How are emerging Asian economies managing energy volatility and subsidies?

Emerging Asian nations are currently relying on short-term fixes such as fuel price caps, work-from-home mandates, and increased coal usage to shield their citizens from volatile energy markets. However, these temporary measures often strain national budgets through heavy subsidies and risk stalling long-term climate goals, according to the authors of the newly released report.

“The energy price swing driven by geopolitics in 2022 prompted economies to implement emergency fiscal measures, such as subsidies to cushion short-term price shocks,” the report states. It also highlights that “Thailand has announced a price cap on diesel for 15 days” to manage the immediate impact of the crisis.

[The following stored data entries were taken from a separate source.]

(* Let $X$ be a set and $F,F'$ forests of planar binary trees with leaves decorated by $X$, with $F'=T_1\cdots T_k$, $k\ge1$. Then in $T(\mathrm{Mag}(X))$: $F*F'=\sum_{\sigma\in S_k}(-1)^{O(\sigma)+k}\,F\curvearrowleft\Psi_{F'}(\sigma)$, where $O(\sigma)$ is the number of orbits of $\sigma$ on $\{1,\dots,k\}$.
   Context: Trees/forests: $\mathrm{Mag}(X)$ is identified with the span of planar rooted binary trees with leaves decorated by $X$, magmatic product $T_1*T_2=T_1\vee T_2$ (graft $T_1,T_2$ as left and right subtrees of a new root); $T(\mathrm{Mag}(X))$ has basis the forests, product concatenation, trees primitive, and $*$ extended as the unique bilinear map with, for all $f,g,h$ and trees $y$: $\varepsilon(f*g)=\varepsilon(f)\varepsilon(g)$; $\Delta(f*g)=\Delta(f)*\Delta(g)$; $f*1=f$; $1*f=\varepsilon(f)1$; $f*(gy)=(f*g)*y-f*(g*y)$; $(fg)*h=(f*h^{(1)})(g*h^{(2)})$; $(f*g)*h=f*\big((g*h^{(1)})h^{(2)}\big)$. For forests $F=F_1\cdots F_p$, $S=S_1\cdots S_n$: $F\curvearrowleft S_1=\sum_iF_1\cdots(F_i\vee S_1)\cdots F_p$ and $F\curvearrowleft S=(F\curvearrowleft S_1\cdots S_{n-1})*S_n$. Labelled skeleton: for a word $w$ of distinct positive integers define a planar binary tree with internal nodes labelled by the letters of $w$ recursively: the empty word gives the single leaf $|$, and if $w=w'\,m\,w''$ with $m=\min(w)$, the tree is the one with root labelled $m$, left subtree that of $w'$ and right subtree that of $w''$. $\Psi_{F'}(\sigma)$: let $O_1,\dots,O_r$ be the orbits of $\sigma$ ordered by increasing minimum. For an orbit $O=\{o\}$ of size one, the associated tree is $T_o$. For an orbit $O$ of size $m\ge2$ with minimum $o$, let $c_1=o$, $c_{j+1}=\sigma(c_j)$, $\tau=c_2c_3\cdots c_m$, and take the labelled skeleton of $\tau$ (which has $m$ leaves); graft $T_o$ on its leftmost leaf and, for each internal node labelled $c$, graft $T_c$ on the leftmost leaf of the right subtree of that node. $\Psi_{F'}(\sigma)$ is the forest of the $r$ trees so obtained, in the order of $O_1,\dots,O_r$. *)

theory Defs
  imports "HOL-Library.Poly_Mapping" "HOL-Combinatorics.Orbits" "HOL-Combinatorics.Permutations"
begin

datatype 'x tree = Leaf 'x | Node "'x tree" "'x tree"

text \<open>Magmatic product (grafting): T1 \<or> T2 = Node T1 T2.\<close>

type_synonym 'x forest = "'x tree list"

text \<open>T(Mag(X)): integer linear combinations of forests; product = concatenation,
  unit = the empty forest.\<close>
type_synonym 'x tmag = "'x forest \<Rightarrow>\<^sub>0 int"
type_synonym 'x tmag2 = "('x forest \<times> 'x forest) \<Rightarrow>\<^sub>0 int"
(* Let $2\le m\le n$ be natural numbers with $n-m=k(m-1)$ for a natural number $k$, and let $l$ be a positive integer with $l\equiv m\pmod{m-1}$. Let $P\subset a_{m-1}\{a_0,\dots,a_{m-1}\}^*$ be an $l$-element set such that $\{w: a_{m-1}w\in P\}$ is a complete prefix code over the alphabet $\{a_0,\dots,a_{m-1}\}$, with its elements listed as $p_l<_{dict}p_{l-1}<_{dict}\dots<_{dict}p_1$, and let $1\le i\le l$. Then the successors $(p_i)'_1,\dots,(p_i)'_k$ (with respect to $P$) are well defined. Moreover, letting $\widetilde{P}=(P\setminus\{p_i\})\cup\{p_ia_0,\dots,p_ia_{m-1}\}$, the successors with respect to $\widetilde{P}$ of the new elements are: for $1\le j\le m-1$ and $1\le r\le k$, $$(p_ia_j)'_r=p_i\,a_{m+(m-1-j)k+r-1},$$ (so $(p_ia_{m-1})'_1=p_ia_m,\dots,(p_ia_{m-1})'_k=p_ia_{m+k-1}$, $(p_ia_{m-2})'_1=p_ia_{m+k}$, ..., $(p_ia_1)'_k=p_ia_{n-1}$), and for $1\le r\le k$, $$(p_ia_0)'_r=(p_i)'_r,$$ where the right-hand side is the $r$-th successor of $p_i$ with respect to $P$.
   Context: Let $\mathcal{A}_n=\{a_0,a_1,\dots,a_{n-1}\}$ be an alphabet of $n$ distinct letters with linear order $a_0<a_1<\dots<a_{n-1}$, containing $\mathcal{A}_m=\{a_0,\dots,a_{m-1}\}$, and let $\mathcal{A}_{m,n}=\{a_m,\dots,a_{n-1}\}$. Words are finite strings of letters (including the empty word $\varepsilon$), and juxtaposition denotes concatenation. $u<_{pref}v$ means $v=uw$ for a nonempty word $w$. Dictionary order: $u\le_{dict}v$ iff $u$ is a prefix of $v$, or $u=p\alpha s$, $v=p\beta t$ with letters $\alpha<\beta$. For a finite set $P$ of words, $\operatorname{spref}(P)=\{w: \exists p\in P,\ w<_{pref}p\}$ (strict prefixes, including $\varepsilon$), and $\operatorname{spref}(P)\mathcal{A}_{m,n}=\{xa_j: x\in\operatorname{spref}(P),\ a_j\in\mathcal{A}_{m,n}\}$. Successors: let $P\subset a_{m-1}\{a_0,\dots,a_{m-1}\}^*$ be as in the claim, with elements $p_1,\dots,p_l$ listed in reverse dictionary order ($p_1$ the largest). The successors $(p_s)'_r$ ($1\le s\le l$, $1\le r\le k$) are defined inductively in the order $(p_1)'_1,\dots,(p_1)'_k,(p_2)'_1,\dots,(p_2)'_k,\dots,(p_l)'_k$: writing $P_{s,r-1}$ for the set of all successors already defined before $(p_s)'_r$ in this order, $$(p_s)'_r=\min{}_{\le_{dict}}\{xa_j\in\operatorname{spref}(P)\mathcal{A}_{m,n}:\ p_s<_{dict}xa_j,\ xa_j\notin P_{s,r-1}\}.$$ "Well defined" means the set over which the minimum is taken is nonempty at each step. Successors with respect to $\widetilde{P}$ are defined the same way with $\widetilde{P}$ (listed in its own reverse dictionary order) in place of $P$. *)

theory Defs
  imports Main
begin

text \<open>Letters a_j are represented by natural numbers j; words are nat lists;
  juxtaposition is list append.\<close>

definition is_prefix :: "nat list \<Rightarrow> nat list \<Rightarrow> bool" where
  "is_prefix u v \<longleftrightarrow> (\<exists>w. v = u @ w)"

In simple terms, when the cost of oil and gas suddenly jumps because of global conflicts, governments in countries like Thailand and the Philippines step in to keep prices low for their people. They do this by paying for part of the fuel costs themselves or by encouraging people to stay home so they use less gasoline. While this helps families in the short run, it costs the government a lot of money and sometimes forces them to burn more polluting coal to keep the lights on, which can lead to even bigger financial and environmental problems later.

The report “Overcoming fossil lock-in is pivotal for Asia to buffer against energy shocks” was published by the UK-based energy think tank Ember on March 23, 2026. Authored by senior energy analysts Dinita Setyawati and Muyi Yang, the briefing explores how recent geopolitical conflicts are exposing the vulnerability of Asian economies to fossil fuel price volatility and supply disruptions.